HL Deb 02 November 1989 vol 512 cc402-3

29 Clause 7, page 7, line 20, at end insert — '( ) Where, on an appeal against a persons's conviction of the relevant offence or against a sentence of imprisonment imposed on him in dealing with him for the offence, his conviction is quashed or the sentence is reduced to one which is not a sentence of imprisonment taking immediate effect, the court which determines the appeal or, as the case may be, the court I o which the case is remitted, shall cause notice of the quashing of the conviction or of the sentence imposed to be sent to the persons specified in subsection (7)(b)(i) and (ii) above and, where his conviction is quashed, the Authority shall re-admit him to membership of the scheme, but without prejudice to any proceedings under the scheme to exclude him from membership'.

Lord Hesketh

My Lords, I beg to move that the House do agree with the Commons in their Amendment No. 29. In speaking to this amendment, I shall also comment on the amendment to it tabled by noble Lords opposite.

The purpose of the amendment which the Government moved in another place was to ensure that, if someone was convicted of a relevant offence and appealed successfully either against his conviction or against the sentence imposed on him, the FMA would be made aware of his success. The amendment therefore requires the court to notify the FMA and the police of a successful appeal either against a conviction for a relevant offence or against the imposition of a prison sentence for such an offence. The FMA will then arrange for the appellant's membership of the scheme to be reinstated or take note that the mandatory ban has been reduced from five years to two years, as the case may be.

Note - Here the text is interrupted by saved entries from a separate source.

(* Let $0<a\le 1$, let $k\ge 1$, and let $z_1,\dots,z_k\in\mathbb{C}$ be pairwise distinct with $|z_j|\le 1$ and $z_j\neq a$ for $j=1,\dots,k$. Let $r_1,\dots,r_k\ge 0$ be integers (independent of $n$), and for each integer $n\ge 2$ let $s_1(n),\dots,s_k(n)$ be integers with $0\le s_j(n)\le n-1$. Assume: (i) $r_j+s_j(n)\ge 1$ for all $j=1,\dots,k$ and all $n\ge 2$, and $r_j\ge 1$ for some $j\in\{1,\dots,k\}$; (ii) $s_j(n)/n\to 0$ as $n\to\infty$ for each $j\in\{1,\dots,k\}$; (iii) with $X=\{j\in\{1,\dots,k\}: r_j\ge 1\}$ and $P(z)=(z-a)\prod_{j\in X}(z-z_j)^{r_j}$, there exists $\zeta\in\mathbb{C}$ with $|\zeta|\le 1$, $P'(\zeta)=0$ and $|a-\zeta|<1$. For $n\ge 2$ let $n_j=r_jn+s_j(n)$ and $$p_n(z)=(z-a)^n\prod_{j=1}^{k}(z-z_j)^{n_j},\quad z\in\mathbb{C}.$$ Then there exists an integer $n_0$ such that for every $n\ge n_0$ there exists $\zeta\neq a$ with $p_n'(\zeta)=0$ and $|a-\zeta|<1$. *)

theory Defs
  imports "HOL-Analysis.Analysis"
begin

end

theory Submission
  imports Defs "HOL-Computational_Algebra.Fundamental_Theorem_Algebra"
begin

(* Write N_j = r_j n + s_j(n) and c_j = N_j / n. Clearing denominators in the logarithmic derivative
   gives p_n'(w) = n (w - a)^(n-1) (\<Prod>j. (w - z_j)^(N_j - 1)) G_c(w) for the polynomial
   G_c(w) = \<Prod>j (w - z_j) + (w - a) \<Sum>j c_j \<Prod>i<>j (w - z_i), and likewise
   P'(w) = (\<Prod>j\<in>X. (w - z_j)^(r_j - 1)) G_r(w) with the product over X only.
   So at the critical point \<zeta> of P, either \<zeta> = z_j with r_j >= 2, and then \<zeta> is a multiple zero and
   hence a critical point of every p_n, or G_r(\<zeta>) = 0. In the second case G_c(\<zeta>) -> 0 since c_j -> r_j.
   As G_c has degree k and leading coefficient 1 + \<Sum>j c_j >= 1, factoring it over the complex numbers shows
   that |G_c(\<zeta>)| < \<epsilon>^k forces a root within \<epsilon> of \<zeta>. For large n this root \<rho> satisfies
   |a - \<rho>| < 1, it is a critical point of p_n, and \<rho> <> a because G_c(a) = \<Prod>j (a - z_j) <> 0. *)

lemma poly_exists_root_near:
  fixes p :: "complex poly"
  assumes small: "norm (poly p x) < norm (lead_coeff p) * e ^ degree p" and "0 < e"
  shows "\<exists>\<rho>. poly p \<rho> = 0 \<and> norm (x - \<rho>) < e"
proof (rule ccontr)
  assume far: "\<not> ?thesis"
  obtain \<rho> where p_eq: "smult (lead_coeff p) (\<Prod>i<degree p. [:-\<rho> i, 1:]) = p"
    by (rule complex_poly_decompose')
  have poly_p: "poly p w = lead_coeff p * (\<Prod>i<degree p. w - \<rho> i)" for w
    by (subst p_eq[symmetric]) (simp add: poly_prod)
  have "e \<le> norm (x - \<rho> i)" if "i < degree p" for i
    using far that by (force simp: poly_p)
  then have "e ^ degree p \<le> (\<Prod>i<degree p. norm (x - \<rho> i))"
    using prod_mono[of "{..<degree p}" "\<lambda>_. e"] \<open>0 < e\<close> by simp
  then have "norm (lead_coeff p) * e ^ degree p \<le> norm (poly p x)"
    by (simp add: poly_p norm_mult prod_norm mult_left_mono)
  with small show False by simp
qed

lemma tendsto_affine_ratio:
  assumes "(\<lambda>n. real (s n) / real n) \<longlonglongrightarrow> 0"
  shows "(\<lambda>n. real (r * n + s n) / real n) \<longlonglongrightarrow> real r"
proof (rule Lim_transform_eventually)
  show "(\<lambda>n. real r + real (s n) / real n) \<longlonglongrightarrow> real r"
    using tendsto_add[OF tendsto_const assms] by simp
  show "\<forall>\<^sub>F n in sequentially. real r + real (s n) / real n = real (r * n + s n) / real n"
    using eventually_gt_at_top[of 0] by eventually_elim (simp add: field_simps)
qed

lemma eventually_ge_of_ratio_tendsto:
  fixes m :: "nat \<Rightarrow> nat"
  assumes "(\<lambda>n. real (m n) / real n) \<longlonglongrightarrow> c" "0 < c"
  shows "\<forall>\<^sub>F n in sequentially. m n \<ge> N"
proof -
  have "filterlim (\<lambda>n. real (m n)) at_top sequentially"
  proof (rule filterlim_at_top_mono)
    show "filterlim (\<lambda>n. real (m n) / real n * real n) at_top sequentially"
      by (rule filterlim_tendsto_pos_mult_at_top[OF assms filterlim_real_sequentially])
    show "\<forall>\<^sub>F n in sequentially. real (m n) / real n * real n \<le> real (m n)"
      using eventually_gt_at_top[of 0] by eventually_elim simp
  qed
  then have "\<forall>\<^sub>F n in sequentially. real N \<le> real (m n)"
    unfolding filterlim_at_top by (rule spec)
  then show ?thesis
    by simp
qed

lemma sum_prod_powers_factor:
  fixes f :: "'i \<Rightarrow> 'a :: comm_semiring_1"
  assumes "finite J" "\<And>j. j \<in> J \<Longrightarrow> m j \<ge> 1"
  shows "(\<Sum>j\<in>J. of_nat (m j) * f j ^ (m j - 1) * (\<Prod>i\<in>J-{j}. f i ^ m i))
       = (\<Prod>j\<in>J. f j ^ (m j - 1)) * (\<Sum>j\<in>J. of_nat (m j) * (\<Prod>i\<in>J-{j}. f i))"
proof -
  have summand: "f j ^ (m j - 1) * (\<Prod>i\<in>J-{j}. f i ^ m i)
      = (\<Prod>i\<in>J. f i ^ (m i - 1)) * (\<Prod>i\<in>J-{j}. f i)" if "j \<in> J" for j
  proof -
    have "f i ^ m i = f i ^ (m i - 1) * f i" if "i \<in> J" for i
      using power_minus_mult[of "m i" "f i"] assms(2)[OF that] by simp
    then have "(\<Prod>i\<in>J-{j}. f i ^ m i) = (\<Prod>i\<in>J-{j}. f i ^ (m i - 1)) * (\<Prod>i\<in>J-{j}. f i)"
      unfolding prod.distrib[symmetric] by (intro prod.cong) auto
    moreover have "(\<Prod>i\<in>J. f i ^ (m i - 1)) = f j ^ (m j - 1) * (\<Prod>i\<in>J-{j}. f i ^ (m i - 1))"
      by (rule prod.remove[OF assms(1) that])
    ultimately show ?thesis
      by (simp only: mult.assoc)
  qed
  have "(\<Sum>j\<in>J. of_nat (m j) * f j ^ (m j - 1) * (\<Prod>i\<in>J-{j}. f i ^ m i))
      = (\<Sum>j\<in>J. of_nat (m j) * ((\<Prod>i\<in>J. f i ^ (m i - 1)) * (\<Prod>i\<in>J-{j}. f i)))"
    by (rule sum.cong) (simp_all only: mult.assoc summand)
  also have "\<dots> = (\<Prod>j\<in>J. f j ^ (m j - 1)) * (\<Sum>j\<in>J. of_nat (m j) * (\<Prod>i\<in>J-{j}. f i))"
    unfolding sum_distrib_left by (rule sum.cong) (rule refl, rule mult.left_commute)
  finally show ?thesis .
qed

(* The numerator of 1/(w - a) + (\<Sum>j\<in>J. c j / (w - z j)) over the denominator (w - a) (\<Prod>j\<in>J. w - z j). *)
definition crit_poly :: "complex \<Rightarrow> ('i \<Rightarrow> complex) \<Rightarrow> ('i \<Rightarrow> real) \<Rightarrow> 'i set \<Rightarrow> complex poly"
  where "crit_poly a z c J = (\<Prod>j\<in>J. [:- z j, 1:])
    + (\<Sum>j\<in>J. smult (of_real (c j)) ([:- a, 1:] * (\<Prod>i\<in>J-{j}. [:- z i, 1:])))"

lemma poly_crit_poly:
  "poly (crit_poly a z c J) w
     = (\<Prod>j\<in>J. w - z j) + (w - a) * (\<Sum>j\<in>J. of_real (c j) * (\<Prod>i\<in>J-{j}. w - z i))"
  by (simp add: crit_poly_def poly_sum poly_prod sum_distrib_left algebra_simps)

lemma crit_poly_degree_lead_coeff:
  assumes "finite J" "\<And>j. j \<in> J \<Longrightarrow> c j \<ge> 0"
  shows "degree (crit_poly a z c J) = card J
    \<and> lead_coeff (crit_poly a z c J) = of_real (1 + (\<Sum>j\<in>J. c j))"
proof -
  have monic_prod: "degree (\<Prod>i\<in>K. [:- z i, 1:]) = card K \<and> coeff (\<Prod>i\<in>K. [:- z i, 1:]) (card K) = 1"
    for K
  proof -
    have deg: "degree (\<Prod>i\<in>K. [:- z i, 1:]) = card K"
      by (simp add: degree_prod_sum_eq)
    have "lead_coeff (\<Prod>i\<in>K. [:- z i, 1:]) = (\<Prod>i\<in>K. lead_coeff [:- z i, 1:])"
      by (rule lead_coeff_prod)
    with deg show ?thesis by simp
  qed
  have monic_shifted: "degree ([:- a, 1:] * (\<Prod>i\<in>J-{j}. [:- z i, 1:])) = card J
    \<and> coeff ([:- a, 1:] * (\<Prod>i\<in>J-{j}. [:- z i, 1:])) (card J) = 1" if "j \<in> J" for j
  proof -
    let ?P = "\<Prod>i\<in>J-{j}. [:- z i, 1:]"
    have "?P \<noteq> 0" using monic_prod[of "J - {j}"] by auto
    then have deg: "degree ([:- a, 1:] * ?P) = card J"
      using monic_prod[of "J - {j}"] card_Suc_Diff1[OF assms(1) that] by (subst degree_mult_eq) auto
    have "lead_coeff ([:- a, 1:] * ?P) = 1"
      unfolding lead_coeff_mult using monic_prod[of "J - {j}"] by simp
    with deg show ?thesis by simp
  qed
  have deg_le: "degree (crit_poly a z c J) \<le> card J"
    unfolding crit_poly_def using monic_prod[of J] monic_shifted
    by (intro degree_add_le degree_sum_le assms(1) order.trans[OF degree_smult_le]) auto
  have coeff: "coeff (crit_poly a z c J) (card J) = of_real (1 + (\<Sum>j\<in>J. c j))"
    unfolding crit_poly_def coeff_add coeff_sum coeff_smult using monic_prod[of J] monic_shifted
    by (simp add: of_real_sum)
  have "0 < 1 + (\<Sum>j\<in>J. c j)"
    using assms(2) by (simp add: sum_nonneg add_pos_nonneg)
  then have "coeff (crit_poly a z c J) (card J) \<noteq> 0"
    unfolding coeff of_real_eq_0_iff by simp
  then have "degree (crit_poly a z c J) = card J"
    using deg_le le_degree by (intro antisym)
  with coeff show ?thesis by simp
qed

lemma tendsto_poly_crit_poly:
  assumes "\<And>j. j \<in> J \<Longrightarrow> (\<lambda>n. c n j) \<longlonglongrightarrow> c' j"
  shows "(\<lambda>n. poly (crit_poly a z (c n) J) w) \<longlonglongrightarrow> poly (crit_poly a z c' J) w"
  unfolding poly_crit_poly by (intro tendsto_intros assms)

lemma poly_crit_poly_zero_weights:
  assumes "finite J" "X \<subseteq> J" "\<And>j. j \<in> J - X \<Longrightarrow> c j = 0"
  shows "poly (crit_poly a z c J) w = poly (crit_poly a z c X) w * (\<Prod>j\<in>J-X. w - z j)"
proof -
  have split: "(\<Prod>i\<in>K. w - z i) = (\<Prod>i\<in>K-(J-X). w - z i) * (\<Prod>i\<in>J-X. w - z i)"
    if "J - X \<subseteq> K" "K \<subseteq> J" for K
    using prod.subset_diff[OF that(1)] finite_subset[OF that(2) assms(1)] by simp
  have "(\<Sum>j\<in>J. of_real (c j) * (\<Prod>i\<in>J-{j}. w - z i))
      = (\<Sum>j\<in>X. of_real (c j) * (\<Prod>i\<in>J-{j}. w - z i))"
    using assms by (intro sum.mono_neutral_right) auto
  also have "\<dots> = (\<Sum>j\<in>X. of_real (c j) * (\<Prod>i\<in>X-{j}. w - z i)) * (\<Prod>i\<in>J-X. w - z i)"
    unfolding sum_distrib_right
  proof (rule sum.cong)
    fix j assume "j \<in> X"
    then have "J - {j} - (J - X) = X - {j}" using assms(2) by auto
    with \<open>j \<in> X\<close> show "of_real (c j) * (\<Prod>i\<in>J-{j}. w - z i)
        = of_real (c j) * (\<Prod>i\<in>X-{j}. w - z i) * (\<Prod>i\<in>J-X. w - z i)"
      using split[of "J - {j}"] by auto
  qed simp
  moreover have "J - (J - X) = X" using assms(2) by auto
  ultimately show ?thesis
    using split[of J] by (simp add: poly_crit_poly algebra_simps)
qed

In the terms that the Bill was amended in another place, that would be without prejudice to the FMA's discretionary powers under the scheme to disqualify people from membership. The Opposition have tabled a further amendment here to delete the words "without prejudice" and so forth; but I think that it is important for the FMA to retain the power to ban people according to its own rules. If an appeal succeeds on the grounds of mistaken identity, for example, there would be no reason why the FMA should not wish the person to be reinstated without further ado. There could be other circumstances; for example, where a conviction were set aside on a technicality or a court found that someone's behaviour was not such as to warrant a criminal conviction, but where that behaviour did meet the criteria for disqualification under the national membership scheme. After all, one of the main points of giving the FMA discretionary powers to ban people is to enable it to deal with misbehaviour that does not constitute a criminal offence.

I should also make the point that, if the FMA were to decide against re-instating the membership of someone who had appealed successfully against a conviction of a sentence, it would have to do so according to the procedures required by the scheme. In other words, the authority would have to notify the person concerned in writing of the reasons for its decision and he or she would have the right to challenge it —as anyone affected by the FMA's discretionary powers can.

The government amendment makes sure that someone whose appeal against a conviction is successful can be re-instated into membership. At the same time it safeguards the ability of the FMA to deal consistently with the possibility of discretionary disqualification. I commend it to your Lordships and I invite noble Lords to withdraw their amendment.

Moved, That this House do agree with the Commons in the said amendment. —(Lord Hesketh.)